Qiagen was founded 40 years ago with proprietary spin columns to isolate DNA and RNA, and the firm's blue boxes of kitted reagents are de rigueur in research and clinical labs. Entering the sales relationship "from this pivotal, unavoidable position" has allowed Qiagen to expand further into the molecular diagnostics workflow, Bernard said, "from sample to insight."

Sood said the advances in sample prep will include two new instruments. The QiaSymphony Connect will launch in 2025 and feature preconfigured workflows for liquid biopsy applications that enable high sample volumes, low eluate volumes, and low dead volumes.
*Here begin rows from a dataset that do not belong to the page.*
lemma sum_div_sqrt_partial_sums_le:
  fixes a :: "nat \<Rightarrow> real"
  assumes "\<And>k. 0 \<le> a k"
  shows "(\<Sum>k<n. a k / sqrt (\<Sum>j\<le>k. a j)) \<le> 2 * sqrt (\<Sum>k<n. a k)"
proof (induction n)
  case (Suc n)
  have "a n / sqrt ((\<Sum>j<n. a j) + a n) \<le> 2 * (sqrt ((\<Sum>j<n. a j) + a n) - sqrt (\<Sum>j<n. a j))"
    using assms by (intro div_sqrt_le_sqrt_diff sum_nonneg) auto
  then show ?case using Suc by (simp add: lessThan_Suc_atMost[symmetric])
qed simp

lemma quadratic_le_imp_le:
  fixes u a b :: real
  assumes "0 \<le> a" "0 \<le> b" "u\<^sup>2 \<le> a * u + b"
  shows "u \<le> a + sqrt b"
proof (rule ccontr)
  assume "\<not> ?thesis"
  then have less: "a + sqrt b < u" by simp
  moreover have "0 < u"
    using less assms(1) real_sqrt_ge_zero[OF assms(2)] by linarith
  ultimately have "(a + sqrt b) * u < u * u"
    by (intro mult_strict_right_mono)
  moreover have "sqrt b * sqrt b \<le> u * sqrt b"
    using less assms by (intro mult_right_mono) auto
  ultimately show False using assms by (simp add: power2_eq_square algebra_simps)
qed

lemma closest_point_gradient_step:
  fixes K :: "'a::euclidean_space set"
  assumes "convex K" "closed K" "x \<in> K" "z \<in> K" "0 < \<eta>"
  shows "g \<bullet> (z - x)
           \<le> ((norm (x - z))\<^sup>2 - (norm (closest_point K (x + \<eta> *\<^sub>R g) - z))\<^sup>2) / (2 * \<eta>)
              + \<eta> / 2 * (norm g)\<^sup>2"
proof -
  have "norm (closest_point K (x + \<eta> *\<^sub>R g) - z) \<le> norm ((x - z) + \<eta> *\<^sub>R g)"
    using closest_point_lipschitz[OF assms(1,2), of "x + \<eta> *\<^sub>R g" z] assms(3,4)
    by (auto simp: closest_point_self dist_norm algebra_simps)
  then have "(norm (closest_point K (x + \<eta> *\<^sub>R g) - z))\<^sup>2 \<le> (norm ((x - z) + \<eta> *\<^sub>R g))\<^sup>2"
    by (simp add: power_mono)
  also have "\<dots> = (norm (x - z))\<^sup>2 - 2 * \<eta> * (g \<bullet> (z - x)) + \<eta>\<^sup>2 * (norm g)\<^sup>2"
    by (simp only: power2_norm_eq_inner inner_add_left inner_add_right inner_diff_left
        inner_diff_right inner_scaleR_left inner_scaleR_right inner_commute)
      (simp add: algebra_simps power2_eq_square)
  finally show ?thesis
    using assms(5) by (simp add: field_simps power2_eq_square)
qed
(* Let $\mathcal S$ be an ash on a set $S$, let $\mu:S\to\{2\}$, and let $\mathcal A_{\mathcal S}$ be the set of (isomorphism types of) finite relational structures $\mathfrak A=(A;(R_s)_{s\in S})$ of signature $\mu$ such that for all $x,y,z\in A$ and $s,t\in S$: (1) $\neg R_s(x,x)$; (2) if $R_s(x,y)$ then $R_s(y,x)$; (3) if $R_s(x,y)$ and $R_t(x,y)$ then $s=t$, and if $R_s(x,y)$ and $R_s(x,z)$ then $y=z$; (4) if $x\neq y$ there is $r\in S$ with $R_r(x,y)$; (5) every non-empty subset of $\{r\in S:\exists u\in A\ R_r(x,u)\}$ is an element of $\mathcal S$. Then $\mathcal A_{\mathcal S}$ is an ideal of $\Omega_\mu$.
   Context: An ash on a set $S$ is a set $\mathcal S$ of finite subsets of $S$ such that: (a) $\{s\}\in\mathcal S$ for every $s\in S$; (b) for every finite subset $\mathcal F\subseteq\mathcal S$ there is $s\in S\setminus\bigcup\mathcal F$ with $\{s\}\cup F\in\mathcal S$ for every $F\in\mathcal F$; (c) for every $S'\subseteq S$ with $|S'|=|S|$ there is a finite $F\subseteq S'$ with $F\notin\mathcal S$. A relational structure of signature $\mu:S\to\{2\}$ is a set with a family of binary relations indexed by $S$. $\Omega_\mu$ is the set of isomorphism types of finite such structures, ordered by embeddability (embeddings are injective maps preserving and reflecting all relations). An ideal of $\Omega_\mu$ is a non-empty, downward closed, up-directed subset. *)

theory Defs
  imports Main "HOL-Library.Equipollence"
begin

definition ash :: "'s set \<Rightarrow> 's set set \<Rightarrow> bool" where
  "ash S \<SS> \<longleftrightarrow>
     (\<forall>F\<in>\<SS>. finite F \<and> F \<subseteq> S) \<and>
     (\<forall>s\<in>S. {s} \<in> \<SS>) \<and>
     (\<forall>\<FF>. finite \<FF> \<and> \<FF> \<subseteq> \<SS> \<longrightarrow>
        (\<exists>s\<in>S - \<Union>\<FF>. \<forall>F\<in>\<FF>. insert s F \<in> \<SS>)) \<and>
     (\<forall>S'. S' \<subseteq> S \<and> S' \<approx> S \<longrightarrow> (\<exists>F. F \<subseteq> S' \<and> finite F \<and> F \<notin> \<SS>))"

text \<open>Isomorphism types are represented by structures whose
  carrier is a finite set of natural numbers (every finite structure is isomorphic
  to such a one).\<close>
definition fin_struct :: "'s set \<Rightarrow> nat set \<Rightarrow> ('s \<Rightarrow> nat \<Rightarrow> nat \<Rightarrow> bool) \<Rightarrow> bool" where
  "fin_struct S A R \<longleftrightarrow> finite A \<and> (\<forall>s x y. R s x y \<longrightarrow> s \<in> S \<and> x \<in> A \<and> y \<in> A)"

definition embedding :: "'s set \<Rightarrow> (nat \<Rightarrow> nat) \<Rightarrow> nat set \<Rightarrow> ('s \<Rightarrow> nat \<Rightarrow> nat \<Rightarrow> bool)
    \<Rightarrow> nat set \<Rightarrow> ('s \<Rightarrow> nat \<Rightarrow> nat \<Rightarrow> bool) \<Rightarrow> bool" where
  "embedding S f A R B Q \<longleftrightarrow> inj_on f A \<and> f ` A \<subseteq> B \<and>
     (\<forall>s\<in>S. \<forall>x\<in>A. \<forall>y\<in>A. R s x y \<longleftrightarrow> Q s (f x) (f y))"

definition embeds :: "'s set \<Rightarrow> nat set \<Rightarrow> ('s \<Rightarrow> nat \<Rightarrow> nat \<Rightarrow> bool)
    \<Rightarrow> nat set \<Rightarrow> ('s \<Rightarrow> nat \<Rightarrow> nat \<Rightarrow> bool) \<Rightarrow> bool" where
  "embeds S A R B Q \<longleftrightarrow> (\<exists>f. embedding S f A R B Q)"

text \<open>An ideal of \<Omega>_\<mu> (given as a predicate on representatives): non-empty,
  downward closed, up-directed with respect to embeddability.\<close>
definition is_ideal :: "'s set \<Rightarrow> (nat set \<Rightarrow> ('s \<Rightarrow> nat \<Rightarrow> nat \<Rightarrow> bool) \<Rightarrow> bool) \<Rightarrow> bool" where
  "is_ideal S P \<longleftrightarrow>
     (\<forall>A R. P A R \<longrightarrow> fin_struct S A R) \<and>
     (\<exists>A R. P A R) \<and>
     (\<forall>A R B Q. P A R \<and> fin_struct S B Q \<and> embeds S B Q A R \<longrightarrow> P B Q) \<and>
     (\<forall>A R B Q. P A R \<and> P B Q \<longrightarrow>
        (\<exists>C T. P C T \<and> embeds S A R C T \<and> embeds S B Q C T))"

definition A_ash :: "'s set \<Rightarrow> 's set set \<Rightarrow> nat set \<Rightarrow> ('s \<Rightarrow> nat \<Rightarrow> nat \<Rightarrow> bool) \<Rightarrow> bool" where
  "A_ash S \<SS> A R \<longleftrightarrow> fin_struct S A R \<and>
     (\<forall>x\<in>A. \<forall>s\<in>S. \<not> R s x x) \<and>
     (\<forall>x\<in>A. \<forall>y\<in>A. \<forall>s\<in>S. R s x y \<longrightarrow> R s y x) \<and>
     (\<forall>x\<in>A. \<forall>y\<in>A. \<forall>s\<in>S. \<forall>t\<in>S. R s x y \<and> R t x y \<longrightarrow> s = t) \<and>
     (\<forall>x\<in>A. \<forall>y\<in>A. \<forall>z\<in>A. \<forall>s\<in>S. R s x y \<and> R s x z \<longrightarrow> y = z) \<and>
     (\<forall>x\<in>A. \<forall>y\<in>A. x \<noteq> y \<longrightarrow> (\<exists>r\<in>S. R r x y)) \<and>
     (\<forall>x\<in>A. \<forall>F. F \<noteq> {} \<and> F \<subseteq> {r\<in>S. \<exists>u\<in>A. R r x u} \<longrightarrow> F \<in> \<SS>)"

end

theory Submission
  imports Defs
begin

(* Non-emptiness (the empty structure) and downward closure are immediate, so the content is
   joint embedding. Put disjoint copies of the two structures side by side: the union satisfies
   all conditions except (4). Then join the unrelated pairs one at a time; a pair x, y gets a
   colour s that is new at both x and y and such that adding s to any non-empty set of colours
   already present at x or at y stays in the ash. Such an s exists by condition (b), applied to
   the finitely many non-empty sets of colours at x and at y. Each copy is already total, so no
   new edge lies inside a copy, and both copies embed into the completion by the identity. *)

definition subsets_in :: "'s set set \<Rightarrow> 's set \<Rightarrow> bool" where
  "subsets_in \<SS> X \<longleftrightarrow> (\<forall>F. F \<noteq> {} \<and> F \<subseteq> X \<longrightarrow> F \<in> \<SS>)"

lemma subsets_in_mono: "subsets_in \<SS> X \<Longrightarrow> Y \<subseteq> X \<Longrightarrow> subsets_in \<SS> Y"
  unfolding subsets_in_def by blast

lemma ash_finite: "ash S \<SS> \<Longrightarrow> F \<in> \<SS> \<Longrightarrow> finite F"
  unfolding ash_def by (elim conjE) simp

lemma ash_singleton: "ash S \<SS> \<Longrightarrow> s \<in> S \<Longrightarrow> {s} \<in> \<SS>"
  unfolding ash_def by (elim conjE) simp

lemma ash_common_extension:
  "ash S \<SS> \<Longrightarrow> finite \<FF> \<Longrightarrow> \<FF> \<subseteq> \<SS> \<Longrightarrow> \<exists>s\<in>S - \<Union>\<FF>. \<forall>F\<in>\<FF>. insert s F \<in> \<SS>"
  unfolding ash_def by (elim conjE) simp

lemma ash_subsets_in_finite:
  assumes "ash S \<SS>" "subsets_in \<SS> X"
  shows "finite X"
  using assms ash_finite unfolding subsets_in_def by (cases "X = {}") auto

lemma ash_fresh_insert:
  assumes ash: "ash S \<SS>" and "finite \<X>" and \<X>: "\<And>X. X \<in> \<X> \<Longrightarrow> subsets_in \<SS> X"
  shows "\<exists>s\<in>S - \<Union>\<X>. \<forall>X\<in>\<X>. subsets_in \<SS> (insert s X)"
proof -
  define \<FF> where "\<FF> = (\<Union>X\<in>\<X>. {F. F \<noteq> {} \<and> F \<subseteq> X})"
  have "finite \<FF>"
    unfolding \<FF>_def using \<open>finite \<X>\<close> ash_subsets_in_finite[OF ash \<X>] by simp
  moreover have "\<FF> \<subseteq> \<SS>" using \<X> unfolding \<FF>_def subsets_in_def by blast
  ultimately obtain s where s: "s \<in> S - \<Union>\<FF>" and ins: "\<And>F. F \<in> \<FF> \<Longrightarrow> insert s F \<in> \<SS>"
    using ash_common_extension[OF ash] by meson
  have "\<Union>\<FF> = \<Union>\<X>" unfolding \<FF>_def by blast
  moreover have "subsets_in \<SS> (insert s X)" if X: "X \<in> \<X>" for X
    unfolding subsets_in_def
  proof (intro allI impI, elim conjE)
    fix F assume "F \<noteq> {}" "F \<subseteq> insert s X"
    consider "s \<notin> F" | "F = {s}" | "s \<in> F" "F - {s} \<in> \<FF>"
    proof (cases "s \<in> F \<and> F \<noteq> {s}")
      case True
      then have "F - {s} \<in> \<FF>"
        using \<open>F \<subseteq> insert s X\<close> X unfolding \<FF>_def by blast
      then show ?thesis using True that by blast
    qed (use \<open>F \<noteq> {}\<close> in blast)
    then show "F \<in> \<SS>"
    proof cases
      case 1
      then show ?thesis using \<X>[OF X] \<open>F \<noteq> {}\<close> \<open>F \<subseteq> insert s X\<close>
        unfolding subsets_in_def by blast
    next
      case 2
      then show ?thesis using ash_singleton[OF ash] s by simp
    next
      case 3
      then show ?thesis using ins[of "F - {s}"] by (simp add: insert_absorb)
    qed
  qed
  ultimately show ?thesis using s by blast
qed

definition colours :: "'s set \<Rightarrow> nat set \<Rightarrow> ('s \<Rightarrow> nat \<Rightarrow> nat \<Rightarrow> bool) \<Rightarrow> nat \<Rightarrow> 's set" where
  "colours S A R x = {r\<in>S. \<exists>u\<in>A. R r x u}"

definition non_edges :: "'s set \<Rightarrow> nat set \<Rightarrow> ('s \<Rightarrow> nat \<Rightarrow> nat \<Rightarrow> bool) \<Rightarrow> (nat \<times> nat) set" where
  "non_edges S A R = {(x, y) \<in> A \<times> A. x \<noteq> y \<and> \<not> (\<exists>r\<in>S. R r x y)}"
(* Let $K$ be a commutative ring, $R$ a $K$-algebra, $\mathcal{G}$ a finite groupoid and $\beta=(\{E_g\}_{g\in\mathcal G},\{\beta_g\}_{g\in\mathcal G})$ a unital action of $\mathcal G$ on $R$ such that $R=\bigoplus_{e\in\mathcal G_0}E_e$ and $R$ is a $\beta$-Galois extension of $R^\beta$. Let $H$ be a subgroupoid of $\mathcal G$ and put $R_H=\bigoplus_{e\in H_0}E_e$, where $H_0=H\cap\mathcal G_0$. Then $\beta_H=(\{E_h\}_{h\in H},\{\beta_h:E_{h^{-1}}\to E_h\}_{h\in H})$ is an action of $H$ on $R_H$, and $R_H$ is a $\beta_H$-Galois extension of $(R_H)^{\beta_H}$.
   Context: All rings and algebras are associative and unital. A groupoid is a nonempty set $\mathcal G$ with a partially defined associative multiplication in which every $g$ has an inverse $g^{-1}$, a left identity $r(g)=gg^{-1}$ and a right identity $d(g)=g^{-1}g$; the product $gh$ is defined iff $d(g)=r(h)$. $\mathcal G_0$ denotes the set of identities of $\mathcal G$. A subgroupoid is a nonempty subset $H$ closed under inverses and under those products that are defined. A unital action of $\mathcal G$ on a $K$-algebra $R$ is a pair $\beta=(\{E_g\},\{\beta_g\})$ where for each $g\in\mathcal G$, $E_g=E_{r(g)}$ is an ideal of $R$ which is a unital ring with identity $1_g$ (so $1_g=1_{r(g)}$ and $1_{g^{-1}}=1_{d(g)}$), $\beta_g:E_{g^{-1}}\to E_g$ is an isomorphism of $K$-algebras, $\beta_e=\mathrm{id}_{E_e}$ for all $e\in\mathcal G_0$, and $\beta_g(\beta_h(x))=\beta_{gh}(x)$ whenever $d(g)=r(h)$ and $x\in E_{h^{-1}}$. For a subgroupoid $H$ acting on a ring $A$ via $\beta_H$, $A^{\beta_H}=\{a\in A:\beta_h(a1_{h^{-1}})=a1_h \text{ for all } h\in H\}$; $R^\beta=R^{\beta_{\mathcal G}}$. $A$ is a $\beta_H$-Galois extension of $A^{\beta_H}$ if $H$ is finite and there exist $x_1,\dots,x_m,y_1,\dots,y_m\in A$ with $\sum_{i=1}^m x_i\beta_h(y_i1_{h^{-1}})=1_h$ if $h\in H_0$ and $=0$ if $h\in H\setminus H_0$. *)

theory Defs
  imports Main
begin

text \<open>A groupoid is given by a carrier G, a multiplication m (meaningful only when
 defined) and an inversion i.  r g = g g^-1, d g = g^-1 g; gh is defined iff d g = r h.\<close>

definition gr_r :: "('g \<Rightarrow> 'g \<Rightarrow> 'g) \<Rightarrow> ('g \<Rightarrow> 'g) \<Rightarrow> 'g \<Rightarrow> 'g" where
  "gr_r m i g = m g (i g)"

definition gr_d :: "('g \<Rightarrow> 'g \<Rightarrow> 'g) \<Rightarrow> ('g \<Rightarrow> 'g) \<Rightarrow> 'g \<Rightarrow> 'g" where
  "gr_d m i g = m (i g) g"

definition groupoid :: "'g set \<Rightarrow> ('g \<Rightarrow> 'g \<Rightarrow> 'g) \<Rightarrow> ('g \<Rightarrow> 'g) \<Rightarrow> bool" where
  "groupoid G m i \<longleftrightarrow>
     G \<noteq> {} \<and>
     (\<forall>g\<in>G. i g \<in> G \<and> i (i g) = g) \<and>
     (\<forall>g\<in>G. \<forall>h\<in>G. gr_d m i g = gr_r m i h \<longrightarrow>
        m g h \<in> G \<and> gr_r m i (m g h) = gr_r m i g \<and> gr_d m i (m g h) = gr_d m i h) \<and>
     (\<forall>g\<in>G. \<forall>h\<in>G. \<forall>k\<in>G. gr_d m i g = gr_r m i h \<and> gr_d m i h = gr_r m i k \<longrightarrow>
        m (m g h) k = m g (m h k)) \<and>
     (\<forall>g\<in>G. m (gr_r m i g) g = g \<and> m g (gr_d m i g) = g)"

text \<open>The set of identities G_0.  For a subgroupoid H this is H \<inter> G_0.\<close>
definition gr_ids :: "'g set \<Rightarrow> ('g \<Rightarrow> 'g \<Rightarrow> 'g) \<Rightarrow> ('g \<Rightarrow> 'g) \<Rightarrow> 'g set" where
  "gr_ids G m i = gr_r m i ` G"

definition subgroupoid :: "'g set \<Rightarrow> 'g set \<Rightarrow> ('g \<Rightarrow> 'g \<Rightarrow> 'g) \<Rightarrow> ('g \<Rightarrow> 'g) \<Rightarrow> bool" where
  "subgroupoid H G m i \<longleftrightarrow> H \<noteq> {} \<and> H \<subseteq> G \<and>
     (\<forall>h\<in>H. i h \<in> H) \<and>
     (\<forall>g\<in>H. \<forall>h\<in>H. gr_d m i g = gr_r m i h \<longrightarrow> m g h \<in> H)"

text \<open>The K-algebra structure of the ambient ring 'r is given by a ring homomorphism
 phi from K into the centre of 'r.\<close>
definition alg_map :: "('k::comm_ring_1 \<Rightarrow> 'r::ring_1) \<Rightarrow> bool" where
  "alg_map \<phi> \<longleftrightarrow> \<phi> 1 = 1 \<and> (\<forall>a b. \<phi> (a + b) = \<phi> a + \<phi> b) \<and>
     (\<forall>a b. \<phi> (a * b) = \<phi> a * \<phi> b) \<and> (\<forall>a x. \<phi> a * x = x * \<phi> a)"

definition is_unit_of :: "'r::ring_1 set \<Rightarrow> 'r \<Rightarrow> bool" where
  "is_unit_of A u \<longleftrightarrow> u \<in> A \<and> (\<forall>x\<in>A. u * x = x \<and> x * u = x)"

definition one_of :: "'r::ring_1 set \<Rightarrow> 'r" where
  "one_of A = (THE u. is_unit_of A u)"

text \<open>A (unital) K-subalgebra A of 'r, possibly with its own identity different from 1.\<close>
definition k_algebra_set :: "('k::comm_ring_1 \<Rightarrow> 'r::ring_1) \<Rightarrow> 'r set \<Rightarrow> bool" where
  "k_algebra_set \<phi> A \<longleftrightarrow> 0 \<in> A \<and> (\<forall>x\<in>A. \<forall>y\<in>A. x + y \<in> A \<and> x * y \<in> A) \<and>
     (\<forall>x\<in>A. - x \<in> A) \<and> (\<forall>k. \<forall>x\<in>A. \<phi> k * x \<in> A) \<and> (\<exists>u. is_unit_of A u)"

definition ideal_in :: "'r::ring_1 set \<Rightarrow> 'r set \<Rightarrow> bool" where
  "ideal_in A I \<longleftrightarrow> I \<subseteq> A \<and> 0 \<in> I \<and> (\<forall>x\<in>I. \<forall>y\<in>I. x + y \<in> I) \<and> (\<forall>x\<in>I. - x \<in> I) \<and>
     (\<forall>a\<in>A. \<forall>x\<in>I. a * x \<in> I \<and> x * a \<in> I)"

definition k_alg_iso :: "('k::comm_ring_1 \<Rightarrow> 'r::ring_1) \<Rightarrow> ('r \<Rightarrow> 'r) \<Rightarrow> 'r set \<Rightarrow> 'r set \<Rightarrow> bool" where
  "k_alg_iso \<phi> f A B \<longleftrightarrow> bij_betw f A B \<and>
     (\<forall>x\<in>A. \<forall>y\<in>A. f (x + y) = f x + f y \<and> f (x * y) = f x * f y) \<and>
     (\<forall>k. \<forall>x\<in>A. f (\<phi> k * x) = \<phi> k * f x)"

definition unital_action ::
  "('k::comm_ring_1 \<Rightarrow> 'r::ring_1) \<Rightarrow> 'g set \<Rightarrow> ('g \<Rightarrow> 'g \<Rightarrow> 'g) \<Rightarrow> ('g \<Rightarrow> 'g) \<Rightarrow> 'r set
    \<Rightarrow> ('g \<Rightarrow> 'r set) \<Rightarrow> ('g \<Rightarrow> 'r \<Rightarrow> 'r) \<Rightarrow> bool" where
  "unital_action \<phi> G m i A E \<beta> \<longleftrightarrow>
     k_algebra_set \<phi> A \<and>
     (\<forall>g\<in>G. ideal_in A (E g) \<and> E g = E (gr_r m i g) \<and> (\<exists>u. is_unit_of (E g) u)) \<and>
     (\<forall>g\<in>G. k_alg_iso \<phi> (\<beta> g) (E (i g)) (E g)) \<and>
     (\<forall>e\<in>gr_ids G m i. \<forall>x\<in>E e. \<beta> e x = x) \<and>
     (\<forall>g\<in>G. \<forall>h\<in>G. gr_d m i g = gr_r m i h \<longrightarrow>
        (\<forall>x\<in>E (i h). \<beta> g (\<beta> h x) = \<beta> (m g h) x))"

definition fixed_ring ::
  "'g set \<Rightarrow> ('g \<Rightarrow> 'g) \<Rightarrow> 'r::ring_1 set \<Rightarrow> ('g \<Rightarrow> 'r set) \<Rightarrow> ('g \<Rightarrow> 'r \<Rightarrow> 'r) \<Rightarrow> 'r set" where
  "fixed_ring H i A E \<beta> =
     {a \<in> A. \<forall>h\<in>H. \<beta> h (a * one_of (E (i h))) = a * one_of (E h)}"

definition galois_ext ::
  "'g set \<Rightarrow> ('g \<Rightarrow> 'g \<Rightarrow> 'g) \<Rightarrow> ('g \<Rightarrow> 'g) \<Rightarrow> 'r::ring_1 set \<Rightarrow> 'r set
    \<Rightarrow> ('g \<Rightarrow> 'r set) \<Rightarrow> ('g \<Rightarrow> 'r \<Rightarrow> 'r) \<Rightarrow> bool" where
  "galois_ext H m i A B E \<beta> \<longleftrightarrow>
     B = fixed_ring H i A E \<beta> \<and> finite H \<and>
     (\<exists>(n::nat) x y. (\<forall>j<n. x j \<in> A \<and> y j \<in> A) \<and>
        (\<forall>h\<in>H. (\<Sum>j<n. x j * \<beta> h (y j * one_of (E (i h)))) =
                 (if h \<in> gr_ids H m i then one_of (E h) else 0)))"

definition internal_direct_sum :: "'r::ring_1 set \<Rightarrow> ('g \<Rightarrow> 'r set) \<Rightarrow> 'g set \<Rightarrow> bool" where
  "internal_direct_sum A E S \<longleftrightarrow> finite S \<and> (\<forall>e\<in>S. E e \<subseteq> A) \<and>
     (\<forall>x\<in>A. \<exists>!f. (\<forall>e\<in>S. f e \<in> E e) \<and> (\<forall>e. e \<notin> S \<longrightarrow> f e = 0) \<and> x = (\<Sum>e\<in>S. f e))"

text \<open>The sum of the ideals E e, e in S (direct inside R under the hypotheses).\<close>
definition sum_of_ideals :: "('g \<Rightarrow> 'r::ring_1 set) \<Rightarrow> 'g set \<Rightarrow> 'r set" where
  "sum_of_ideals E S = {x. \<exists>f. (\<forall>e\<in>S. f e \<in> E e) \<and> x = (\<Sum>e\<in>S. f e)}"

end

theory Submission
  imports Defs
begin

text \<open>The idempotents \<open>1\<^sub>e\<close>, \<open>e \<in> H\<^sub>0\<close>, are pairwise orthogonal because the ideals \<open>E\<^sub>e\<close> meet
  trivially, so \<open>u = \<Sum>e\<in>H\<^sub>0. 1\<^sub>e\<close> is the identity of \<open>R\<^sub>H\<close> and multiplication by \<open>u\<close> projects
  \<open>R\<close> onto \<open>R\<^sub>H\<close>. The action of \<open>H\<close> is just the restriction of \<open>\<beta>\<close>. If \<open>x\<^sub>j, y\<^sub>j\<close> are Galois
  coordinates for \<open>R\<close>, then \<open>x\<^sub>j u, y\<^sub>j u\<close> are Galois coordinates for \<open>R\<^sub>H\<close>: for \<open>h \<in> H\<close> the
  factors \<open>u\<close> are absorbed by \<open>1\<^bsub>h\<^sup>-\<^sup>1\<^esub>\<close> and by \<open>\<beta>\<^sub>h(\<dots>) \<in> E\<^sub>h\<close>, and an element of \<open>H\<close> is an
  identity of \<open>H\<close> exactly when it is an identity of \<open>G\<close>.\<close>

lemma gr_r_idem:
  assumes "groupoid G m i" "g \<in> G"
  shows "gr_r m i (gr_r m i g) = gr_r m i g"
proof -
  have "i g \<in> G" "i (i g) = g" using assms unfolding groupoid_def by auto
  hence "gr_d m i g = gr_r m i (i g)" unfolding gr_d_def gr_r_def by simp
  hence "gr_r m i (m g (i g)) = gr_r m i g" using assms \<open>i g \<in> G\<close> unfolding groupoid_def by blast
  thus ?thesis by (simp add: gr_r_def[of m i g])
qed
The QiaSprint Connect will be a benchtop instrument for high-throughput sample preparation, processing 192 samples per hour, and will launch in 2026.

For QuantiFeron, Bernard said the firm's medical education efforts have converted approximately 40 percent of the latent TB testing space from skin testing to blood testing and helped to persuade the World Health Organization to make blood-based assays the preferred method.

Going forward, Beils said in his presentation that the firm will access the remaining 60 percent of the TB testing market with a dedicated sales force and customer education and will expand its outreach in developing countries.

The firm will also grow QuantiFeron by adding automated liquid handling through partnerships with Tecan and Hamilton, and automated assay and result processing through its partnership with DiaSorin. With the latter, it is also collaborating to develop a Lyme disease assay, which Beils said is currently under review with the FDA.


With streamlining efforts branded QiaEfficiency, Qiagen CFO Roland Sackers said the firm will streamline and consolidate on many levels, in part through deploying digital- and AI-based approaches.

In manufacturing, for example, Qiagen plans to use predictive analytics to improve supply chain and inventory management, Sackers said in his presentation at the event. It will also use AI optics to reduce scrapping by up to 15 percent, and AI-based post-market surveillance report generation will be faster and more accurate. In customer service, the firm will use SupportGPT to manage its approximately 75,000 tickets per year, reducing hands-on time by 15 percent, he also said.

Likewise, Qiagen recently relocated its San Diego-based Verogen forensic testing business to Maryland. It has also begun participating in an online auction system to dispense with unneeded materials.

These small opportunities to reallocate resources are all expected to add up, Sackers said, noting that the firm also anticipates some potential refinancing opportunities going forward.

Adjusted operating income will grow from 28 percent to 31 percent through the combination of all of these efforts, Sackers said. The firm has already returned approximately $300 million to shareholders through a share repurchase in January 2024, and will ask shareholders to approve a new $300 million repurchase program in an upcoming meeting.